Regarding this part (and the similar instance later in the commit):

     And I open the address "http://www.terrillthompson.com/tests/html5-audio.html" in the Tor Browser
+    And the website finished loading

So, there are a lot more occurrences of I open the address ... step. Have you considered that that step might benefit from the website finished loading too? Maybe they could be merged? Also, wouldn't a retry_tor in the the website finished loading step fix all Tor-related Tor Browser issues in that step? Something like this:

--- a/features/step_definitions/common_steps.rb
+++ b/features/step_definitions/common_steps.rb
@@ -653,6 +653,14 @@ When /^I open the address "([^"]*)" in the (.*)$/ do |address, browser|
   @screen.click(info[:address_bar_image])
   sleep 0.5
   @screen.type(address + Sikuli::Key.ENTER)
+  if browser == "Tor Browser" 
+    recovery_on_failure = Proc.new do
+      reload_webpage('Tor Browser')
+    end
+    retry_tor(recovery_on_failure) do
+      @screen.wait('BrowserReloadButton.png', 120)
+    end
+  end
 end

Warning: not tested, not very well thought through.

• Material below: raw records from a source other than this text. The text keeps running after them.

lemma binw_minus_pois_on_set:
  assumes q: "0 < q" "q \<le> 1" and l: "l = real (Suc m) * q" and A: "A \<subseteq> {..Suc m}"
  shows "(\<Sum>k\<in>A. binw (Suc m) q k - pois l k) \<le> (1 - exp (- l)) * q"
proof -
  have lpos: "l > 0" using q l by simp
  have fA: "finite A" using A finite_subset by blast
  have "(\<Sum>k\<in>A. binw (Suc m) q k - pois l k)
        = l * q * (\<Sum>j\<le>m. binw m q j * (\<Sum>k\<in>A. stein_sol l k (Suc (Suc j)) - stein_sol l k (Suc j)))"
    using A by (simp add: binw_minus_pois[OF q l] subset_iff sum_distrib_left sum.swap[of _ A])
  also have "\<dots> \<le> l * q * (\<Sum>j\<le>m. binw m q j * ((1 - exp (- l)) / l))"
    using lpos q by (intro mult_left_mono sum_mono stein_sol_increment_sum fA binw_nonneg) auto
  also have "\<dots> = l * q * ((\<Sum>j\<le>m. binw m q j) * ((1 - exp (- l)) / l))"
    by (simp only: sum_distrib_right)
  also have "\<dots> = (1 - exp (- l)) * q"
    using lpos by (simp add: binw_sum)
  finally show ?thesis .
qed

lemma abs_sums_twice_positive_part:
  fixes d :: "nat \<Rightarrow> real"
  assumes sd: "d sums 0" and S: "finite S" and neg: "\<And>k. k \<notin> S \<Longrightarrow> d k \<le> 0"
  shows "(\<lambda>k. \<bar>d k\<bar>) sums (2 * (\<Sum>k\<in>{k\<in>S. d k > 0}. d k))"
proof -
  have "(\<lambda>k. max (d k) 0) sums (\<Sum>k\<in>S. max (d k) 0)"
    by (rule sums_finite[OF S]) (use neg in \<open>simp add: max_def\<close>)
  moreover have "(\<Sum>k\<in>S. max (d k) 0) = (\<Sum>k\<in>{k\<in>S. d k > 0}. d k)"
  proof -
    have "(\<Sum>k\<in>S. max (d k) 0) = (\<Sum>k\<in>S. if d k > 0 then d k else 0)"
      by (rule sum.cong) (auto simp: max_def)
    thus ?thesis by (simp add: sum.inter_filter[OF S])
  qed
  ultimately have "(\<lambda>k. 2 * max (d k) 0 - d k) sums (2 * (\<Sum>k\<in>{k\<in>S. d k > 0}. d k) - 0)"
    using sums_diff[OF sums_mult[of _ _ 2] sd] by simp
  moreover have "(\<lambda>k. 2 * max (d k) 0 - d k) = (\<lambda>k. \<bar>d k\<bar>)" by (rule ext) (simp add: max_def)
  ultimately show ?thesis by simp
qed

lemma binomial_poisson_l1:
  assumes q: "0 < q" "q \<le> 1" and n: "0 < n"
  shows "summable (\<lambda>k. \<bar>pmf (binomial_pmf n q) k - pois (real n * q) k\<bar>)"
    and "(\<Sum>k. \<bar>pmf (binomial_pmf n q) k - pois (real n * q) k\<bar>) \<le> 2 * (min (real n * q) 1 * q)"
proof -
  obtain m where m: "n = Suc m" using n by (cases n) auto
  define l where "l = real n * q"
  define d where "d k = pmf (binomial_pmf n q) k - pois l k" for k
  have lpos: "l > 0" using q n by (simp add: l_def)
  have d_eq: "d k = binw (Suc m) q k - pois l k" for k
    using q by (simp add: d_def binw_def m)
  have "binw (Suc m) q sums 1"
    using sums_finite[of "{..Suc m}" "binw (Suc m) q"] binw_high[of "Suc m"] binw_sum[of "Suc m" q]
    by (simp del: sum.atMost_Suc)
  hence "d sums 0" unfolding d_eq[abs_def] using sums_diff[OF _ pois_sums] by fastforce
  moreover have "d k \<le> 0" if "k \<notin> {..Suc m}" for k
    using that binw_high[of "Suc m" k q] pois_pos[OF lpos, of k] by (simp add: d_eq)
  ultimately have S: "(\<lambda>k. \<bar>d k\<bar>) sums (2 * (\<Sum>k\<in>{k\<in>{..Suc m}. d k > 0}. d k))"
    by (intro abs_sums_twice_positive_part) auto
  thus "summable (\<lambda>k. \<bar>pmf (binomial_pmf n q) k - pois (real n * q) k\<bar>)"
    by (simp add: sums_summable d_def l_def)
  have "(\<Sum>k\<in>{k\<in>{..Suc m}. d k > 0}. d k) \<le> (1 - exp (- l)) * q"
    unfolding d_eq by (rule binw_minus_pois_on_set[OF q]) (auto simp: l_def m)
  also have "\<dots> \<le> min l 1 * q"
    using q exp_ge_add_one_self[of "- l"] exp_gt_zero[of "- l"] by (intro mult_right_mono) auto
  finally show "(\<Sum>k. \<bar>pmf (binomial_pmf n q) k - pois (real n * q) k\<bar>) \<le> 2 * (min (real n * q) 1 * q)"
    using sums_unique[OF S] by (simp add: d_def l_def)
qed

text \<open>Boundedness of the
  weights and of the pointwise bound G only serves to make all integrals exist.\<close>
lemma l1_distance_of_mixtures:
  fixes R :: "'a pmf" and B P :: "'a \<Rightarrow> nat \<Rightarrow> real" and G :: "'a \<Rightarrow> real"
  assumes bounds: "\<And>x k. x \<in> set_pmf R \<Longrightarrow> \<bar>B x k\<bar> \<le> 1 \<and> \<bar>P x k\<bar> \<le> 1 \<and> G x \<le> C"
    and pointwise: "\<And>x. x \<in> set_pmf R \<Longrightarrow>
                      summable (\<lambda>k. \<bar>B x k - P x k\<bar>) \<and> (\<Sum>k. \<bar>B x k - P x k\<bar>) \<le> G x"
  shows "(\<Sum>k. \<bar>(\<integral>x. B x k \<partial>R) - (\<integral>x. P x k \<partial>R)\<bar>) \<le> (\<integral>x. G x \<partial>R)"
proof -
  have intB: "integrable R (\<lambda>x. B x k)" and intP: "integrable R (\<lambda>x. P x k)" for k
    using bounds by (auto intro!: measure_pmf.integrable_const_bound[where B=1] simp: AE_measure_pmf_iff)
  have "G x \<ge> 0" if "x \<in> set_pmf R" for x
    using pointwise[OF that] suminf_nonneg[of "\<lambda>k. \<bar>B x k - P x k\<bar>"] by auto
  hence intG: "integrable R G"
    using bounds by (intro measure_pmf.integrable_const_bound[where B=C]) (auto simp: AE_measure_pmf_iff)
  have intA: "integrable R (\<lambda>x. \<bar>B x k - P x k\<bar>)" for k
    using intB intP by auto
  have partial: "(\<Sum>k<n. \<bar>(\<integral>x. B x k \<partial>R) - (\<integral>x. P x k \<partial>R)\<bar>) \<le> (\<integral>x. G x \<partial>R)" for n
  proof -
    have "(\<Sum>k<n. \<bar>(\<integral>x. B x k \<partial>R) - (\<integral>x. P x k \<partial>R)\<bar>) = (\<Sum>k<n. \<bar>\<integral>x. B x k - P x k \<partial>R\<bar>)"
      by (simp only: Bochner_Integration.integral_diff[OF intB intP])
    also have "\<dots> \<le> (\<Sum>k<n. \<integral>x. \<bar>B x k - P x k\<bar> \<partial>R)"
    proof (rule sum_mono)
      fix k
      show "\<bar>\<integral>x. B x k - P x k \<partial>R\<bar> \<le> (\<integral>x. \<bar>B x k - P x k\<bar> \<partial>R)"
        using integral_norm_bound[of R "\<lambda>x. B x k - P x k"] by (simp only: real_norm_def)
    qed
    also have "\<dots> = (\<integral>x. (\<Sum>k<n. \<bar>B x k - P x k\<bar>) \<partial>R)"
      by (rule Bochner_Integration.integral_sum[symmetric]) (rule intA)
    also have "\<dots> \<le> (\<integral>x. G x \<partial>R)"
    proof (rule integral_mono_AE)
      show "AE x in R. (\<Sum>k<n. \<bar>B x k - P x k\<bar>) \<le> G x"
        unfolding AE_measure_pmf_iff
      proof
        fix x assume x: "x \<in> set_pmf R"
        have "(\<Sum>k<n. \<bar>B x k - P x k\<bar>) \<le> (\<Sum>k. \<bar>B x k - P x k\<bar>)"
          using pointwise[OF x] by (intro sum_le_suminf) auto
        thus "(\<Sum>k<n. \<bar>B x k - P x k\<bar>) \<le> G x" using pointwise[OF x] by linarith
      qed
    qed (use intA intG in auto)
    finally show ?thesis .
  qed
  show ?thesis
    by (rule suminf_le_const[OF summableI_nonneg_bounded[OF _ partial] partial]) simp
qed

section \<open>The drawn count of a colour is a binomial mixture\<close>

lemma pmf_of_multiset_is_colour:
  assumes "M \<noteq> {#}"
  shows "map_pmf (\<lambda>x. x = i) (pmf_of_multiset M) = bernoulli_pmf (count M i / size M)"
proof (rule pmf_eqI)
  fix b :: bool
  have le: "count M i / size M \<le> 1"
    using assms count_le_size[of M i] by (simp add: divide_le_eq_1 nonempty_has_size)
  have "pmf (map_pmf (\<lambda>x. x = i) (pmf_of_multiset M)) True = measure_pmf.prob (pmf_of_multiset M) {i}"
    by (simp add: pmf_map vimage_def)
  also have "\<dots> = count M i / size M" using assms by (simp add: measure_pmf_single)
  finally show "pmf (map_pmf (\<lambda>x. x = i) (pmf_of_multiset M)) b = pmf (bernoulli_pmf (count M i / size M)) b"
    using le by (cases b) (simp_all add: pmf_False_conv_True)
qed

lemma count_of_draws_binomial:
  assumes "M \<noteq> {#}"
  shows "map_pmf (\<lambda>ds. count (mset ds) i) (replicate_pmf n (pmf_of_multiset M))
         = binomial_pmf n (count M i / size M)"
proof -
  have le: "count M i / size M \<le> 1"
    using assms count_le_size[of M i] by (simp add: divide_le_eq_1 nonempty_has_size)
  show ?thesis
  proof (induction n)
    case 0
    show ?case using le by (simp add: binomial_pmf_0)
  next
    case (Suc n)
    have "binomial_pmf (Suc n) (count M i / size M) =
           do {b \<leftarrow> bernoulli_pmf (count M i / size M);
               k \<leftarrow> binomial_pmf n (count M i / size M);
               return_pmf ((if b then 1 else 0) + k)}"
      using le by (intro binomial_pmf_Suc) simp
    also have "\<dots> = do {x \<leftarrow> pmf_of_multiset M; xs \<leftarrow> replicate_pmf n (pmf_of_multiset M);
                       return_pmf ((if x = i then 1 else 0) + count (mset xs) i)}"
      unfolding pmf_of_multiset_is_colour[OF assms, symmetric] Suc.IH[symmetric]
      by (simp add: bind_map_pmf)
    also have "\<dots> = map_pmf (\<lambda>ds. count (mset ds) i) (replicate_pmf (Suc n) (pmf_of_multiset M))"
      by (simp add: map_pmf_def bind_assoc_pmf bind_return_pmf cong: if_cong)
         (intro bind_pmf_cong refl, simp)
    finally show ?case ..
  qed
qed

lemma urn_balls_count:
  assumes "i < length vs"
  shows "count (urn_balls vs) i = vs ! i"
proof -
  have "count (mset (concat (map (\<lambda>j. replicate (vs ! j) j) [0..<n]))) i = (if i < n then vs ! i else 0)" for n
    by (induction n) auto
  thus ?thesis using assms by (simp add: urn_balls_def)
qed

lemma urn_balls_size: "size (urn_balls vs) = sum_list vs"
proof -
  have "size (mset (concat (map (\<lambda>j. replicate (vs ! j) j) [0..<n]))) = (\<Sum>j=0..<n. vs ! j)" for n
    by (induction n) auto
  thus ?thesis by (simp add: urn_balls_def sum_list_sum_nth)
qed

lemma colour_counts_support:
  fixes D :: "nat pmf"
  assumes vs: "vs \<in> set_pmf (replicate_pmf K D)" and D0: "0 \<notin> set_pmf D" and i: "i < K"
  shows "0 < vs ! i" "vs ! i \<le> sum_list vs" "length vs = K"
proof -
  have len: "length vs = K" and sub: "set vs \<subseteq> set_pmf D" using vs by (auto simp: set_replicate_pmf)
  thus "length vs = K" by simp
  have "vs ! i \<in> set_pmf D" using len i sub by auto
  thus "0 < vs ! i" using D0 by (metis gr0I)
  show "vs ! i \<le> sum_list vs" using len i by (simp add: elem_le_sum_list)
qed

lemma drawn_count_law_mixture:
  assumes D0: "0 \<notin> set_pmf D" and i: "i < K"
  shows "drawn_count_law D K p i =
           replicate_pmf K D \<bind> (\<lambda>vs. binomial_pmf (nat \<lfloor>p * real (sum_list vs)\<rfloor>)
                                                  (real (vs ! i) / real (sum_list vs)))"
  unfolding drawn_count_law_def urn_experiment_def map_bind_pmf map_return_pmf
proof (intro bind_pmf_cong refl)
  fix vs assume vs: "vs \<in> set_pmf (replicate_pmf K D)"
  note supp = colour_counts_support[OF vs D0 i]
  have "size (urn_balls vs) > 0" using supp by (simp add: urn_balls_size)
  hence "urn_balls vs \<noteq> {#}" by auto
  thus "replicate_pmf (nat \<lfloor>p * real (sum_list vs)\<rfloor>) (pmf_of_multiset (urn_balls vs)) \<bind>
          (\<lambda>ds. return_pmf ((\<lambda>(vs, ds). count (mset ds) i) (vs, ds)))
        = binomial_pmf (nat \<lfloor>p * real (sum_list vs)\<rfloor>) (real (vs ! i) / real (sum_list vs))"
    using count_of_draws_binomial[OF \<open>urn_balls vs \<noteq> {#}\<close>] supp i
    by (simp add: map_pmf_def[symmetric] urn_balls_count urn_balls_size)
qed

However, I wonder if there's a possibility for a race here (with or without my change): isn't it conceivable that Sikuli is so fast at scanning the screen (in fact I think it takes a screenshot at the point it starts scanning the screen) that the browser GUI hasn't updated and removed the reload button yet? Introducing another sleep isn't what I'm looking for... hmm. What do you think?

Next:

+def reload_webpage(browser)
+  @vm.focus_window(browser)
+  STDERR.puts "Reloading web page in the #{browser}" if $config['DEBUG']
+  @screen.wait_and_click('BrowserReloadButton.png', 10)
+  step "the website finished loading" 
+end

So what would happen if the reload button doesn't appear here (which seems likely if the page loading is timing out)? I think this would be better:
def reload_webpage(browser)
  @vm.focus_window(browser)
  STDERR.puts "Reloading web page in the #{browser}" if $config['DEBUG']
  @screen.type(Sikuli::Key.ESC)
  @screen.wait_and_click('BrowserReloadButton.png', 10)
  step "the website finished loading" 
end
If the page is loading, Escape will stop so the reload button appears. If it's not loading, Escape won't do anything.

#13 Updated by kytv almost 4 years ago

anonym wrote:

Regarding this part (and the similar instance later in the commit):

[...]

So, there are a lot more occurrences of I open the address ... step. Have you considered that that step might benefit from the website finished loading too?

I had indeed but wasn't sure if there'd be potential problems in doing so. At this point I don't see how it would be an issue.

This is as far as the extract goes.